# trading in my glock



## nick487 (Mar 30, 2012)

Hey there fellas i need some advice. Tomorrow im going to cabelas in attempt to trade in my glock 17 & S&W bodyguard 380. Cabelas has an hk usp 9mm for $599 that i am intersted in trading my two guns for. My friend works there and said they would be willing to the drop the price down to $550. What can i expect to get out of my 2 trade ins? I dont wanna get screwed over. Cash is tight right now so thats why i am doing the trade ins. Any advice would be appreciated.

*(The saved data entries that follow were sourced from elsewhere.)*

lemma eigenvalues_eq_eigenbasis:
  fixes A :: "real^'n::finite^'n"
  assumes symA: "sym_mat A"
    and orthonormal: "\<And>b b'. b \<in> B \<Longrightarrow> b' \<in> B \<Longrightarrow> b \<bullet> b' = (if b = b' then 1 else 0)"
    and expansion: "\<And>x. x = (\<Sum>b\<in>B. (b \<bullet> x) *\<^sub>R b)"
    and evl: "\<And>b. b \<in> B \<Longrightarrow> A *v b = evl b *\<^sub>R b"
  shows "eigenvalues A = evl ` B"
proof
  show "eigenvalues A \<subseteq> evl ` B"
  proof
    fix c assume "c \<in> eigenvalues A"
    then obtain x where x: "x \<noteq> 0" "A *v x = c *\<^sub>R x" by (auto simp: eigenvalues_def)
    have "\<exists>b\<in>B. b \<bullet> x \<noteq> 0"
    proof (rule ccontr)
      assume "\<not> (\<exists>b\<in>B. b \<bullet> x \<noteq> 0)"
      then have "x = 0" using expansion[of x] by simp
      with x(1) show False by simp
    qed
    then obtain b where b: "b \<in> B" "b \<bullet> x \<noteq> 0" by blast
    have "c * (b \<bullet> x) = (A *v b) \<bullet> x" using x(2) by (simp add: sym_mat_inner[OF symA, symmetric])
    also have "\<dots> = evl b * (b \<bullet> x)" using b by (simp add: evl)
    finally show "c \<in> evl ` B" using b by simp
  qed
  show "evl ` B \<subseteq> eigenvalues A"
  proof
    fix c assume "c \<in> evl ` B"
    then obtain b where b: "b \<in> B" "c = evl b" by blast
    have "b \<noteq> 0" using orthonormal[OF b(1) b(1)] by auto
    then show "c \<in> eigenvalues A" using b evl unfolding eigenvalues_def by blast
  qed
qed

lemma sym_mat_quadratic_form_bounds:
  fixes A :: "real^'n::finite^'n"
  assumes symA: "sym_mat A"
  shows "lambda_min A * (y \<bullet> y) \<le> y \<bullet> (A *v y)" and "y \<bullet> (A *v y) \<le> lambda_max A * (y \<bullet> y)"
proof -
  obtain B evl where fin: "finite B"
    and orthonormal: "\<And>b b'. b \<in> B \<Longrightarrow> b' \<in> B \<Longrightarrow> b \<bullet> b' = (if b = b' then 1 else 0)"
    and expansion: "\<And>x. x = (\<Sum>b\<in>B. (b \<bullet> x) *\<^sub>R b)"
    and evl: "\<And>b. b \<in> B \<Longrightarrow> A *v b = evl b *\<^sub>R b"
    using sym_mat_eigenbasis[OF symA] by blast
  have eigenvalues: "eigenvalues A = evl ` B"
    by (rule eigenvalues_eq_eigenbasis[OF symA orthonormal expansion evl])
  note form = eigenbasis_quadratic_form[OF symA expansion evl] eigenbasis_inner_self[OF expansion]
  have "lambda_min A \<le> evl b" "evl b \<le> lambda_max A" if "b \<in> B" for b
    unfolding lambda_min_def lambda_max_def eigenvalues using fin that by auto
  then have "(\<Sum>b\<in>B. lambda_min A * (b \<bullet> y)\<^sup>2) \<le> (\<Sum>b\<in>B. evl b * (b \<bullet> y)\<^sup>2)"
    "(\<Sum>b\<in>B. evl b * (b \<bullet> y)\<^sup>2) \<le> (\<Sum>b\<in>B. lambda_max A * (b \<bullet> y)\<^sup>2)"
    by (auto intro!: sum_mono mult_right_mono)
  then show "lambda_min A * (y \<bullet> y) \<le> y \<bullet> (A *v y)" "y \<bullet> (A *v y) \<le> lambda_max A * (y \<bullet> y)"
    by (simp_all add: form sum_distrib_left)
qed

lemma matrix_vector_mult_sum: "(\<Sum>b\<in>S. M b) *v x = (\<Sum>b\<in>S. M b *v x)"
  by (induct S rule: infinite_finite_induct) (simp_all add: matrix_vector_mult_add_rdistrib)

lemma outer_mult_vector: "outer b c *v x = (c \<bullet> x) *\<^sub>R (b :: real^'n::finite)"
  by (simp add: vec_eq_iff matrix_vector_mult_def outer_def inner_vec_def sum_distrib_left mult_ac)

lemma matrix_eq_on_expansion:
  fixes A C :: "real^'n::finite^'m::finite"
  assumes "\<And>x. x = (\<Sum>b\<in>B. (b \<bullet> x) *\<^sub>R b)" and "\<And>b. b \<in> B \<Longrightarrow> A *v b = C *v b"
  shows "A = C"
proof -
  have "A *v x = C *v x" for x
    by (subst (1 2) assms(1)[of x])
      (simp add: linear_sum[OF matrix_vector_mul_linear] matrix_vector_mult_scaleR assms(2))
  then show ?thesis by (simp add: matrix_eq)
qed

lemma psd_eigenvalue_nonneg:
  assumes "psd A" "A *v b = e *\<^sub>R b" "b \<noteq> 0"
  shows "0 \<le> e"
proof -
  have "0 \<le> b \<bullet> (A *v b)" using assms(1) by (simp add: psd_def)
  then have "0 \<le> e * (b \<bullet> b)" by (simp add: assms(2))
  moreover have "0 < b \<bullet> b" using assms(3) by simp
  ultimately show ?thesis by (simp add: zero_le_mult_iff)
qed

lemma psd_sqrt_exists:
  fixes S :: "real^'n::finite^'n"
  assumes psdS: "psd S"
  shows "\<exists>R. psd R \<and> R ** R = S"
proof -
  have "sym_mat S" using psdS by (simp add: psd_def)
  then obtain B evl where fin: "finite B"
    and orthonormal: "\<And>b b'. b \<in> B \<Longrightarrow> b' \<in> B \<Longrightarrow> b \<bullet> b' = (if b = b' then 1 else 0)"
    and expansion: "\<And>x. x = (\<Sum>b\<in>B. (b \<bullet> x) *\<^sub>R b)"
    and evl: "\<And>b. b \<in> B \<Longrightarrow> S *v b = evl b *\<^sub>R b"
    using sym_mat_eigenbasis by blast
  have evl_nonneg: "0 \<le> evl b" if "b \<in> B" for b
    using psd_eigenvalue_nonneg[OF psdS evl[OF that]] orthonormal[OF that that] by fastforce
  define R where "R = (\<Sum>b\<in>B. sqrt (evl b) *\<^sub>R outer b b)"
  have R: "x \<bullet> (R *v y) = (\<Sum>b\<in>B. sqrt (evl b) * (b \<bullet> x) * (b \<bullet> y))" for x y
    by (simp add: R_def matrix_vector_mult_sum scaleR_matrix_vector_assoc[symmetric] outer_mult_vector
        inner_sum_right mult_ac inner_commute)
  have Rb: "R *v b = sqrt (evl b) *\<^sub>R b" if b: "b \<in> B" for b
  proof -
    have "R *v b = (\<Sum>b'\<in>B. if b' = b then sqrt (evl b) *\<^sub>R b else 0)"
      unfolding R_def matrix_vector_mult_sum using b
      by (intro sum.cong) (auto simp: outer_mult_vector orthonormal scaleR_matrix_vector_assoc[symmetric])
    then show ?thesis using fin b by simp
  qed
  have "psd R"
    unfolding psd_def
  proof (intro conjI allI sym_matI)
    show "x \<bullet> (R *v y) = (R *v x) \<bullet> y" for x y
      using R[of x y] R[of y x] by (simp add: inner_commute mult_ac)
    show "0 \<le> x \<bullet> (R *v x)" for x
      unfolding R by (intro sum_nonneg) (auto simp: evl_nonneg mult.assoc)
  qed
  moreover have "R ** R = S"
    by (rule matrix_eq_on_expansion[OF expansion])
      (simp add: matrix_vector_mul_assoc[symmetric] Rb evl matrix_vector_mult_scaleR evl_nonneg)
  ultimately show ?thesis by blast
qed

lemma psd_square_eigenvector:
  fixes R :: "real^'n::finite^'n"
  assumes psdR: "psd R" and "0 \<le> a" and RR: "R *v (R *v b) = a\<^sup>2 *\<^sub>R b"
  shows "R *v b = a *\<^sub>R b"
proof -
  define w where "w = R *v b - a *\<^sub>R b"
  have Rw: "R *v w = - a *\<^sub>R w"
    by (simp add: w_def matrix_vector_mult_diff_distrib matrix_vector_mult_scaleR RR
        algebra_simps power2_eq_square)
  have "w = 0"
  proof (cases "a = 0")
    case True
    have "w \<bullet> w = b \<bullet> (R *v w)"
      using psdR True by (simp add: w_def psd_def sym_mat_inner)
    then show ?thesis using Rw True by simp
  next
    case False
    have "0 \<le> w \<bullet> (R *v w)" using psdR by (simp add: psd_def)
    then have "a * (w \<bullet> w) \<le> 0" by (simp add: Rw)
    then have "w \<bullet> w \<le> 0" using False \<open>0 \<le> a\<close> by (simp add: mult_le_0_iff)
    then show ?thesis by (metis inner_eq_zero_iff inner_ge_zero order_antisym)
  qed
  then show ?thesis by (simp add: w_def)
qed

lemma psd_sqrt_unique:
  fixes R1 R2 :: "real^'n::finite^'n"
  assumes psd1: "psd R1" and psd2: "psd R2" and eq: "R1 ** R1 = R2 ** R2"
  shows "R1 = R2"
proof -
  have "sym_mat R1" using psd1 by (simp add: psd_def)
  then obtain B evl where "finite B"
    and orthonormal: "\<And>b b'. b \<in> B \<Longrightarrow> b' \<in> B \<Longrightarrow> b \<bullet> b' = (if b = b' then 1 else 0)"
    and expansion: "\<And>x. x = (\<Sum>b\<in>B. (b \<bullet> x) *\<^sub>R b)"
    and evl: "\<And>b. b \<in> B \<Longrightarrow> R1 *v b = evl b *\<^sub>R b"
    using sym_mat_eigenbasis by blast
  show ?thesis
  proof (rule matrix_eq_on_expansion[OF expansion])
    fix b assume b: "b \<in> B"
    have evl_nonneg: "0 \<le> evl b"
      using psd_eigenvalue_nonneg[OF psd1 evl[OF b]] orthonormal[OF b b] by fastforce
    have "R2 *v (R2 *v b) = R1 *v (R1 *v b)" by (simp add: matrix_vector_mul_assoc eq)
    then have "R2 *v (R2 *v b) = (evl b)\<^sup>2 *\<^sub>R b"
      using b by (simp add: evl matrix_vector_mult_scaleR power2_eq_square)
    then show "R1 *v b = R2 *v b"
      using psd_square_eigenvector[OF psd2 evl_nonneg] evl[OF b] by simp
  qed
qed

lemma mat_sqrt:
  fixes S :: "real^'n::finite^'n"
  assumes "psd S"
  shows "psd (mat_sqrt S)" and "mat_sqrt S ** mat_sqrt S = S"
proof -
  have "\<exists>!R. psd R \<and> R ** R = S"
    using psd_sqrt_exists[OF assms] psd_sqrt_unique by blast
  then have "psd (mat_sqrt S) \<and> mat_sqrt S ** mat_sqrt S = S"
    unfolding mat_sqrt_def by (rule theI')
  then show "psd (mat_sqrt S)" "mat_sqrt S ** mat_sqrt S = S" by auto
qed

lemma mat_isqrt:
  fixes S :: "real^'n::finite^'n"
  assumes pdS: "pd S"
  shows "mat_isqrt S ** mat_sqrt S = mat 1" and "sym_mat (mat_isqrt S)"
proof -
  let ?R = "mat_sqrt S" and ?T = "mat_isqrt S"
  have "psd S" using pdS unfolding pd_def psd_def by (metis inner_zero_left less_imp_le order_refl)
  note R = mat_sqrt[OF this]
  have "x = 0" if "?R *v x = 0" for x
  proof -
    have "S *v x = 0" using R(2) that by (metis matrix_vector_mul_assoc matrix_vector_mult_0_right)
    then show "x = 0" using pdS unfolding pd_def by force
  qed
  then have "invertible ?R"
    using matrix_left_invertible_ker invertible_left_inverse by blast
  then have inverse: "?R ** ?T = mat 1 \<and> ?T ** ?R = mat 1"
    unfolding mat_isqrt_def matrix_inv_def invertible_def by (rule someI_ex)
  then show "?T ** ?R = mat 1" by simp
  have "transpose ?T ** ?R = mat 1"
    using R(1) inverse unfolding psd_def sym_mat_def by (metis matrix_transpose_mul transpose_mat)
  then have "transpose ?T = transpose ?T ** (?R ** ?T)" using inverse by simp
  also have "\<dots> = ?T" using \<open>transpose ?T ** ?R = mat 1\<close> by (simp add: matrix_mul_assoc)
  finally have "transpose ?T = ?T" .
  then show "sym_mat ?T" by (simp add: sym_mat_def)
qed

Thanks guys!


----------



## pistolpositive (Mar 7, 2012)

Don't know about your specific models, but I have yet to see a trade be anywhere near what I was expecting.


----------



## MikeyMike (Mar 25, 2012)

Sadly, you can realistically expect a trade of 275 to 200 on that Glock IF it's 95% or better NRA in THEIR eyes, and MAYBE $200-225 on that S&W ... I hope I'm wrong, but I think I'm pretty close... good luck.

**** meant 275 to 300 ...


----------



## nick487 (Mar 30, 2012)

alright thanks fellas. dont get me wrong i love glock, but i want to get the hk while its so cheap because i usually only see them for about 800 or 900 bucks.


----------



## HK Dan (Dec 22, 2010)

They typically do 60% of wholesale pricing on a trade. I don't know what wholesale is on those two guns, but it should be out there somewhere.


----------



## barstoolguru (Mar 3, 2012)

keep what you have, you are going to take a beating on the trade in values. they are there to make money and for that to happen they need you to lose it


----------



## hud35500 (May 8, 2010)

Try posting them on Gunbroker or a similar gun site.


----------



## pistolpositive (Mar 7, 2012)

OP sounds like he has the bug to get that gun. I have been there and have taken the beating a couple of times. I am sure a few of you have trades you wished you had never made. I traded a CZ Rami (2075) with a $150 for a Beretta 82FS. Terrible trade in my books. Seemed good at the time. Miss that cz. Traded a Taurus 9mm 1911 for a CZ75B not too long ago and have never looked back.


----------